■ Exercise aim:
Write the data below out in full, exactly as it stands.
---- Task material
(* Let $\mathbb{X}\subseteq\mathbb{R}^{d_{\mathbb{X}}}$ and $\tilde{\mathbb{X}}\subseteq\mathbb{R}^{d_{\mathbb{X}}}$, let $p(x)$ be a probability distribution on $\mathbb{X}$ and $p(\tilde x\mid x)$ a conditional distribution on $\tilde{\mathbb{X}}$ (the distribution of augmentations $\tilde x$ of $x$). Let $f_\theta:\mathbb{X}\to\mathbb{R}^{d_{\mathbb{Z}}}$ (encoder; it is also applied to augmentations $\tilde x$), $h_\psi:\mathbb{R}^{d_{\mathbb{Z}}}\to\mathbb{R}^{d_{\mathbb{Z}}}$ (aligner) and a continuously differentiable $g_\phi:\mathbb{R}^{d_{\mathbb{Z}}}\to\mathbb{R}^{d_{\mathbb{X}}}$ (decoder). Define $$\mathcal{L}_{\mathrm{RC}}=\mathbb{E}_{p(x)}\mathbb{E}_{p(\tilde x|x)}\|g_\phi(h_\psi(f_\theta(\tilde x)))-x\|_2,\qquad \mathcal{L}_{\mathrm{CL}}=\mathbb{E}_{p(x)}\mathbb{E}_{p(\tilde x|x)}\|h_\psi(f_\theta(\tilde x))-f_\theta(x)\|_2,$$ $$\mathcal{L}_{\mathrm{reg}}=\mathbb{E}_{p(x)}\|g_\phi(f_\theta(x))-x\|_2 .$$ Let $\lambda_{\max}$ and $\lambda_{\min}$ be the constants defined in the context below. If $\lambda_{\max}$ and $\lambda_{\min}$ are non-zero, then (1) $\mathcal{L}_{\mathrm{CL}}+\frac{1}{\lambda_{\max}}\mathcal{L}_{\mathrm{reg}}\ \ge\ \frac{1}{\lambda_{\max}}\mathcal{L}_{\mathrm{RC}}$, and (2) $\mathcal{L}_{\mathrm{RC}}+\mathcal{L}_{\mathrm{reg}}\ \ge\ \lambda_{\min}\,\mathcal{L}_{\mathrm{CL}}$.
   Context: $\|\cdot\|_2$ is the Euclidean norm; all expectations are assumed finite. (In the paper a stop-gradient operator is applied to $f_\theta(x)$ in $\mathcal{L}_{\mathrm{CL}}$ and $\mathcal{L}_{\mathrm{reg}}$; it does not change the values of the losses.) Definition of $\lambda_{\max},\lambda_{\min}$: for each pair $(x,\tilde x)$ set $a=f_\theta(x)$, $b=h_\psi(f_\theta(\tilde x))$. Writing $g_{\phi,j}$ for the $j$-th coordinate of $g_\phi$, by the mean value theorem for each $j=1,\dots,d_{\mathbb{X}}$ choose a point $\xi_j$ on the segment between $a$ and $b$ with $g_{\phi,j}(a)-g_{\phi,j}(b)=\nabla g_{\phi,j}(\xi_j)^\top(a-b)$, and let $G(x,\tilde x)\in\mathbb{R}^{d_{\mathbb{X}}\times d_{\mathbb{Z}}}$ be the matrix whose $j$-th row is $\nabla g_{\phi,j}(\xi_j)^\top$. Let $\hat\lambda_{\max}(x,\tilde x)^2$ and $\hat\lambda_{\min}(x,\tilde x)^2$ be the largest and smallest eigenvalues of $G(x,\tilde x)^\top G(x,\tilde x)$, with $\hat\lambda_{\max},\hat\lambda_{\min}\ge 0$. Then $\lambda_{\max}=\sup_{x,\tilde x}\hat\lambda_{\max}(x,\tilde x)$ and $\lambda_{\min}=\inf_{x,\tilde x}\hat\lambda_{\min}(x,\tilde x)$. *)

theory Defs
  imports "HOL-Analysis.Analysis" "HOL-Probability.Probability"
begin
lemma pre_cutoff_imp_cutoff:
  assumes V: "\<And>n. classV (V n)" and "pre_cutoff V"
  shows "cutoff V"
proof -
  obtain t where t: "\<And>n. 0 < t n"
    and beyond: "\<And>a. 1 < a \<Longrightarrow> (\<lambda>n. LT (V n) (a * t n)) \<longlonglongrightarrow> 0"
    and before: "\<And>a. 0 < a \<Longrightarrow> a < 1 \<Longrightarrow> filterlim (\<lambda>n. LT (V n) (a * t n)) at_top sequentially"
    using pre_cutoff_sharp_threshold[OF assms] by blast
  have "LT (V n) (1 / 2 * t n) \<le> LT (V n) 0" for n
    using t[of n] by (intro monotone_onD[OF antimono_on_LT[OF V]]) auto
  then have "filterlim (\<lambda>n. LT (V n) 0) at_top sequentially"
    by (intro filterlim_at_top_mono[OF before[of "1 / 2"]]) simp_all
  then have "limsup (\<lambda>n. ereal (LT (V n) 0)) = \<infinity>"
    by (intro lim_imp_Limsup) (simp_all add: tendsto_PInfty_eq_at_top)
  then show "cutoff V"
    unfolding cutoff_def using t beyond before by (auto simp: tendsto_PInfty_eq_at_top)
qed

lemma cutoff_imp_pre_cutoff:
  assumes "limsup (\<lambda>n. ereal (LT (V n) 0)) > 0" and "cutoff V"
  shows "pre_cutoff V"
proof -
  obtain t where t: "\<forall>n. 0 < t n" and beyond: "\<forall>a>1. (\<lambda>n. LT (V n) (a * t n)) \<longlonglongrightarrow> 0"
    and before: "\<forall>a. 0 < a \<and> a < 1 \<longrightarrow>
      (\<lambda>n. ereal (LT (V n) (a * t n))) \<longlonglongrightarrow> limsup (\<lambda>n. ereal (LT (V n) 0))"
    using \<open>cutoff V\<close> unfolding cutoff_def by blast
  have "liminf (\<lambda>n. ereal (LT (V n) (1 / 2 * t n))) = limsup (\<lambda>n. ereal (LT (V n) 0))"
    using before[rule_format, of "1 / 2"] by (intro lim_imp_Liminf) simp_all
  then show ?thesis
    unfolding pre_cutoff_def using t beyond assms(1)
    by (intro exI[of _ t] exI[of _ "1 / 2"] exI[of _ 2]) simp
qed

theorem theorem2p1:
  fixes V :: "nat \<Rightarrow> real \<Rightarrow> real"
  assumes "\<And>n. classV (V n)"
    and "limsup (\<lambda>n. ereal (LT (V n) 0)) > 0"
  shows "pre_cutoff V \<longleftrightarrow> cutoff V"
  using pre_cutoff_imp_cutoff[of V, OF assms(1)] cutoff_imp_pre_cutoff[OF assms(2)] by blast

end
--------
■ Finished task:
(* Let $\mathbb{X}\subseteq\mathbb{R}^{d_{\mathbb{X}}}$ and $\tilde{\mathbb{X}}\subseteq\mathbb{R}^{d_{\mathbb{X}}}$, let $p(x)$ be a probability distribution on $\mathbb{X}$ and $p(\tilde x\mid x)$ a conditional distribution on $\tilde{\mathbb{X}}$ (the distribution of augmentations $\tilde x$ of $x$). Let $f_\theta:\mathbb{X}\to\mathbb{R}^{d_{\mathbb{Z}}}$ (encoder; it is also applied to augmentations $\tilde x$), $h_\psi:\mathbb{R}^{d_{\mathbb{Z}}}\to\mathbb{R}^{d_{\mathbb{Z}}}$ (aligner) and a continuously differentiable $g_\phi:\mathbb{R}^{d_{\mathbb{Z}}}\to\mathbb{R}^{d_{\mathbb{X}}}$ (decoder). Define $$\mathcal{L}_{\mathrm{RC}}=\mathbb{E}_{p(x)}\mathbb{E}_{p(\tilde x|x)}\|g_\phi(h_\psi(f_\theta(\tilde x)))-x\|_2,\qquad \mathcal{L}_{\mathrm{CL}}=\mathbb{E}_{p(x)}\mathbb{E}_{p(\tilde x|x)}\|h_\psi(f_\theta(\tilde x))-f_\theta(x)\|_2,$$ $$\mathcal{L}_{\mathrm{reg}}=\mathbb{E}_{p(x)}\|g_\phi(f_\theta(x))-x\|_2 .$$ Let $\lambda_{\max}$ and $\lambda_{\min}$ be the constants defined in the context below. If $\lambda_{\max}$ and $\lambda_{\min}$ are non-zero, then (1) $\mathcal{L}_{\mathrm{CL}}+\frac{1}{\lambda_{\max}}\mathcal{L}_{\mathrm{reg}}\ \ge\ \frac{1}{\lambda_{\max}}\mathcal{L}_{\mathrm{RC}}$, and (2) $\mathcal{L}_{\mathrm{RC}}+\mathcal{L}_{\mathrm{reg}}\ \ge\ \lambda_{\min}\,\mathcal{L}_{\mathrm{CL}}$.
   Context: $\|\cdot\|_2$ is the Euclidean norm; all expectations are assumed finite. (In the paper a stop-gradient operator is applied to $f_\theta(x)$ in $\mathcal{L}_{\mathrm{CL}}$ and $\mathcal{L}_{\mathrm{reg}}$; it does not change the values of the losses.) Definition of $\lambda_{\max},\lambda_{\min}$: for each pair $(x,\tilde x)$ set $a=f_\theta(x)$, $b=h_\psi(f_\theta(\tilde x))$. Writing $g_{\phi,j}$ for the $j$-th coordinate of $g_\phi$, by the mean value theorem for each $j=1,\dots,d_{\mathbb{X}}$ choose a point $\xi_j$ on the segment between $a$ and $b$ with $g_{\phi,j}(a)-g_{\phi,j}(b)=\nabla g_{\phi,j}(\xi_j)^\top(a-b)$, and let $G(x,\tilde x)\in\mathbb{R}^{d_{\mathbb{X}}\times d_{\mathbb{Z}}}$ be the matrix whose $j$-th row is $\nabla g_{\phi,j}(\xi_j)^\top$. Let $\hat\lambda_{\max}(x,\tilde x)^2$ and $\hat\lambda_{\min}(x,\tilde x)^2$ be the largest and smallest eigenvalues of $G(x,\tilde x)^\top G(x,\tilde x)$, with $\hat\lambda_{\max},\hat\lambda_{\min}\ge 0$. Then $\lambda_{\max}=\sup_{x,\tilde x}\hat\lambda_{\max}(x,\tilde x)$ and $\lambda_{\min}=\inf_{x,\tilde x}\hat\lambda_{\min}(x,\tilde x)$. *)

theory Defs
  imports "HOL-Analysis.Analysis" "HOL-Probability.Probability"
begin
lemma pre_cutoff_imp_cutoff:
  assumes V: "\<And>n. classV (V n)" and "pre_cutoff V"
  shows "cutoff V"
proof -
  obtain t where t: "\<And>n. 0 < t n"
    and beyond: "\<And>a. 1 < a \<Longrightarrow> (\<lambda>n. LT (V n) (a * t n)) \<longlonglongrightarrow> 0"
    and before: "\<And>a. 0 < a \<Longrightarrow> a < 1 \<Longrightarrow> filterlim (\<lambda>n. LT (V n) (a * t n)) at_top sequentially"
    using pre_cutoff_sharp_threshold[OF assms] by blast
  have "LT (V n) (1 / 2 * t n) \<le> LT (V n) 0" for n
    using t[of n] by (intro monotone_onD[OF antimono_on_LT[OF V]]) auto
  then have "filterlim (\<lambda>n. LT (V n) 0) at_top sequentially"
    by (intro filterlim_at_top_mono[OF before[of "1 / 2"]]) simp_all
  then have "limsup (\<lambda>n. ereal (LT (V n) 0)) = \<infinity>"
    by (intro lim_imp_Limsup) (simp_all add: tendsto_PInfty_eq_at_top)
  then show "cutoff V"
    unfolding cutoff_def using t beyond before by (auto simp: tendsto_PInfty_eq_at_top)
qed

lemma cutoff_imp_pre_cutoff:
  assumes "limsup (\<lambda>n. ereal (LT (V n) 0)) > 0" and "cutoff V"
  shows "pre_cutoff V"
proof -
  obtain t where t: "\<forall>n. 0 < t n" and beyond: "\<forall>a>1. (\<lambda>n. LT (V n) (a * t n)) \<longlonglongrightarrow> 0"
    and before: "\<forall>a. 0 < a \<and> a < 1 \<longrightarrow>
      (\<lambda>n. ereal (LT (V n) (a * t n))) \<longlonglongrightarrow> limsup (\<lambda>n. ereal (LT (V n) 0))"
    using \<open>cutoff V\<close> unfolding cutoff_def by blast
  have "liminf (\<lambda>n. ereal (LT (V n) (1 / 2 * t n))) = limsup (\<lambda>n. ereal (LT (V n) 0))"
    using before[rule_format, of "1 / 2"] by (intro lim_imp_Liminf) simp_all
  then show ?thesis
    unfolding pre_cutoff_def using t beyond assms(1)
    by (intro exI[of _ t] exI[of _ "1 / 2"] exI[of _ 2]) simp
qed

theorem theorem2p1:
  fixes V :: "nat \<Rightarrow> real \<Rightarrow> real"
  assumes "\<And>n. classV (V n)"
    and "limsup (\<lambda>n. ereal (LT (V n) 0)) > 0"
  shows "pre_cutoff V \<longleftrightarrow> cutoff V"
  using pre_cutoff_imp_cutoff[of V, OF assms(1)] cutoff_imp_pre_cutoff[OF assms(2)] by blast

end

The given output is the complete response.